Started by Keef Monkey, 11 June, 2011, 09:35:35 AM

Previous topic - Next topic

radiator

Everyone always talks about Bayonetta as if the fighting is really elegant and balletic, but its just not. It's loud, hectic and disorienting. The characters are so big and absurdly over-designed they all just blur into one. There just seems to be boss after boss with no kind of discernable structure to the levels. I can't help but feel like I'm missing something.

Played a bit of Vanquish which I'm finding equally underwhelming, and kind of annoying also (whittling down a boss' health painfully slowly to the point of having to constantly scavenge around for fresh ammo isn't much fun).

Both of these games are supposed to be amazing - proper gamers games. But both just seem very average so far.

Also: fuck QTEs.

shaolin_monkey

I enjoyed Vanquish, though it took me a while to realise how tactical it is, and how smoothly you could hop from one move to another.  Throwing the lit cigarette to distract enemies was a nice touch.  I made it to the end without knowing all this stuff, and still quite enjoyed it as a brash sci-fi shooter, with some nice set pieces, and lovely graphics. 

It's quite short though, and I think the whole point of it was to play through a couple of times using different styles and techniques.  I haven't the patience for that really - once the journey is over, it's over.  There are too many other games waiting to be played.


radiator

QuoteIt's quite short though, and I think the whole point of it was to play through a couple of times using different styles and techniques.  I haven't the patience for that really - once the journey is over, it's over.  There are too many other games waiting to be played.

I'm the complete opposite - I'd much rather play one very good, short game over and over on escalating difficulties and really master it and wring every last drop out of it - go for some achievements (within reason), get 100% scores etc - than play five mediocre games for the 'journey' in the same amount of time. Not because I'm tight or can't afford more games, I just get very little satisfaction from breezing through games on an easy difficulty, then moving on to the next. It depends on the game, but I find I very rarely get a good handle on a game or really get to familiarise myself with its environments from a single play through.
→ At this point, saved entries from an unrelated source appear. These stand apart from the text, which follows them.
(* Let $E\in M_n(\mathbb{FT})$ be an idempotent of rank $n$, let $A$ be in the $\mathcal H$-class of $E$ in $M_n(\mathbb{FT})$, and let $\phi_A:\mathbb{R}^n\to\mathbb{R}^n$ be $x\mapsto A\otimes x$. Regarding $C(E)$ as a subset of $\mathbb{R}^n$ with the usual topology: (i) $\phi_A$ maps interior points of $C(E)$ to interior points of $C(E)$; (ii) $\phi_A$ maps boundary points of $C(E)$ to boundary points of $C(E)$; (iii) $\phi_A$ maps every point not in $C(E)$ to a boundary point of $C(E)$. Dually, right multiplication $x\mapsto x\otimes A$ (for row vectors $x$) induces an $\mathbb{FT}$-module automorphism of $R(E)$ mapping interior points of $R(E)$ to interior points and boundary points to boundary points.
   Context: $\mathbb{FT}$ is $\mathbb{R}$ with $a\oplus b=\max(a,b)$, $a\otimes b=a+b$; $M_n(\mathbb{FT})$ is the semigroup of real $n\times n$ matrices under $(A\otimes B)_{i,j}=\max_k(A_{i,k}+B_{k,j})$, acting on column vectors by $(A\otimes x)_i=\max_k(A_{i,k}+x_k)$ and on row vectors by $(x\otimes A)_j=\max_k(x_k+A_{k,j})$. $C(E)$ (resp. $R(E)$) is the set of finite componentwise maxima of columns (resp. rows) of $E$ shifted by real constants; these are $\mathbb{FT}$-modules under componentwise max and adding constants. The rank of an idempotent $E$ is the minimal cardinality of a generating set of $C(E)$. Green's relations: $a\,\mathcal{R}\,b$ iff $aS^1=bS^1$, $a\,\mathcal{L}\,b$ iff $S^1a=S^1b$, $\mathcal{H}=\mathcal{L}\cap\mathcal{R}$. *)

theory Defs
  imports "HOL-Analysis.Analysis"
begin

text \<open>Max-plus (tropical) matrices of size n x n are modelled as real^'n^'n
  with a finite index type 'n (so n = CARD('n)); vectors as real^'n.\<close>

definition tmult :: "real^'n::finite^'n \<Rightarrow> real^'n^'n \<Rightarrow> real^'n^'n" where
  "tmult A B = (\<chi> i j. Max (range (\<lambda>k. A$i$k + B$k$j)))"

definition tmv :: "real^'n::finite^'n \<Rightarrow> real^'n \<Rightarrow> real^'n" where
  "tmv A x = (\<chi> i. Max (range (\<lambda>k. A$i$k + x$k)))"

definition tvm :: "real^'n::finite \<Rightarrow> real^'n^'n \<Rightarrow> real^'n" where
  "tvm x A = (\<chi> j. Max (range (\<lambda>k. x$k + A$k$j)))"

definition tidempotent :: "real^'n::finite^'n \<Rightarrow> bool" where
  "tidempotent E \<longleftrightarrow> tmult E E = E"

definition vmax :: "real^'n::finite \<Rightarrow> real^'n \<Rightarrow> real^'n" where
  "vmax x y = (\<chi> i. max (x$i) (y$i))"

definition vshift :: "real \<Rightarrow> real^'n::finite \<Rightarrow> real^'n" where
  "vshift c x = (\<chi> i. c + x$i)"

definition tspan :: "(real^'n::finite) set \<Rightarrow> (real^'n) set" where
  "tspan G = {x. \<exists>S c. finite S \<and> S \<noteq> {} \<and> S \<subseteq> G \<and>
      x = (\<chi> i. Max ((\<lambda>g. c g + g$i) ` S))}"

definition col :: "real^'n::finite^'n \<Rightarrow> 'n \<Rightarrow> real^'n" where
  "col E j = (\<chi> i. E$i$j)"

definition row :: "real^'n::finite^'n \<Rightarrow> 'n \<Rightarrow> real^'n" where
  "row E i = (\<chi> j. E$i$j)"

definition colspace :: "real^'n::finite^'n \<Rightarrow> (real^'n) set" where
  "colspace E = tspan (range (col E))"

definition rowspace :: "real^'n::finite^'n \<Rightarrow> (real^'n) set" where
  "rowspace E = tspan (range (row E))"

definition trank :: "real^'n::finite^'n \<Rightarrow> nat" where
  "trank E = (LEAST k. \<exists>G. finite G \<and> card G = k \<and> G \<subseteq> colspace E \<and> tspan G = colspace E)"

text \<open>Green's relations in the semigroup (M_n(FT), tmult); S^1 adds an identity.\<close>
definition greenR :: "real^'n::finite^'n \<Rightarrow> real^'n^'n \<Rightarrow> bool" where
  "greenR a b \<longleftrightarrow> insert a (range (tmult a)) = insert b (range (tmult b))"

definition greenL :: "real^'n::finite^'n \<Rightarrow> real^'n^'n \<Rightarrow> bool" where
  "greenL a b \<longleftrightarrow> insert a (range (\<lambda>s. tmult s a)) = insert b (range (\<lambda>s. tmult s b))"

definition greenH :: "real^'n::finite^'n \<Rightarrow> real^'n^'n \<Rightarrow> bool" where
  "greenH a b \<longleftrightarrow> greenL a b \<and> greenR a b"

definition ft_module_automorphism :: "(real^'n::finite \<Rightarrow> real^'n) \<Rightarrow> (real^'n) set \<Rightarrow> bool" where
  "ft_module_automorphism f M \<longleftrightarrow> bij_betw f M M \<and>
     (\<forall>x\<in>M. \<forall>y\<in>M. f (vmax x y) = vmax (f x) (f y)) \<and>
     (\<forall>c. \<forall>x\<in>M. f (vshift c x) = vshift c (f x))"

end

theory Submission
  imports Defs "HOL-Homology.Invariance_of_Domain"
begin

text \<open>For an idempotent E the column space C(E) is the fixed-point set of x \<mapsto> E \<otimes> x,
  hence closed. An element A of the H-class of E has an inverse B in that class, so
  x \<mapsto> A \<otimes> x is a continuous bijection of C(E) inverted by x \<mapsto> B \<otimes> x; by invariance
  of domain it maps the interior into itself, and applying this to B shows that
  boundary points stay on the boundary. Full rank forces a zero diagonal, since a
  column with negative diagonal entry is redundant; then E \<otimes> x \<ge> x, which makes
  E \<otimes> x a boundary point whenever x \<notin> C(E), and A \<otimes> x = A \<otimes> (E \<otimes> x). The statements
  about rows follow by transposition.\<close>

lemma eq_if_same_upper_bounds: "(\<And>c. (a::real) \<le> c \<longleftrightarrow> b \<le> c) \<Longrightarrow> a = b"
  by (meson order_antisym order_refl)

lemma Max_range_le_iff: "Max (range (f::'a::finite \<Rightarrow> real)) \<le> c \<longleftrightarrow> (\<forall>k. f k \<le> c)"
  by (simp add: Max_le_iff)

lemma add_Max_range_le_iff:
  "a + Max (range (f::'a::finite \<Rightarrow> real)) \<le> c \<longleftrightarrow> (\<forall>k. a + f k \<le> c)"
  using Max_range_le_iff[of f "c - a"] by (auto simp: algebra_simps)

lemma Max_range_add_le_iff:
  "Max (range (f::'a::finite \<Rightarrow> real)) + a \<le> c \<longleftrightarrow> (\<forall>k. f k + a \<le> c)"
  using Max_range_le_iff[of f "c - a"] by (auto simp: algebra_simps)

lemma tmv_nth: "tmv A x $ i = Max (range (\<lambda>k. A$i$k + x$k))"
  by (simp add: tmv_def)

lemma tmv_nth_ge: "A$i$k + x$k \<le> tmv A x $ i"
  by (simp add: tmv_def)

lemma tmv_nth_attained: "\<exists>k. tmv A x $ i = A$i$k + x$k"
proof -
  have "tmv A x $ i \<in> range (\<lambda>k. A$i$k + x$k)" unfolding tmv_nth by (rule Max_in) auto
  then show ?thesis by auto
qed

lemma tmv_tmult: "tmv A (tmv B x) = tmv (tmult A B) x"
  unfolding vec_eq_iff
  by (auto intro!: eq_if_same_upper_bounds
      simp: tmv_def tmult_def Max_range_le_iff add_Max_range_le_iff Max_range_add_le_iff add.assoc)

lemma tmult_assoc: "tmult A (tmult B C) = tmult (tmult A B) C"
  unfolding vec_eq_iff
  by (auto intro!: eq_if_same_upper_bounds
      simp: tmult_def Max_range_le_iff add_Max_range_le_iff Max_range_add_le_iff add.assoc)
QuoteI enjoyed Vanquish, though it took me a while to realise how tactical it is, and how smoothly you could hop from one move to another.  Throwing the lit cigarette to distract enemies was a nice touch.

That's the sort of thing that attracted me to Bayonetta and Vanquish - I wanted something with really tight combat that I could really get my teeth into, and tackle on the harder modes. And that's why I'll persevere with them.

It irks me somewhat when people plough through the campaign mode of a game like Halo or Gears of War on easy or normal difficulty, as fast as they can, and then slate them for being 'boring'. Those kind of games only really come alive on the harder settings.

JamesC

Persevere with Vanquish - those big boss robots can be taken down really quickly with the correct technique.

For the first one - target the eye above the large gun using the machine gun turrets on the high wall. Make sure you dodge the attacks and with practice you can get the boss to the 'transforming stage' after two attacks from the gun turret (if your aim's good). 
Once he transforms, run around underneath him targeting one weak joint at a time with either the heavy machine gun or a rocket launcher if you know you can hit it. You then target the chest piece each time the boss falls.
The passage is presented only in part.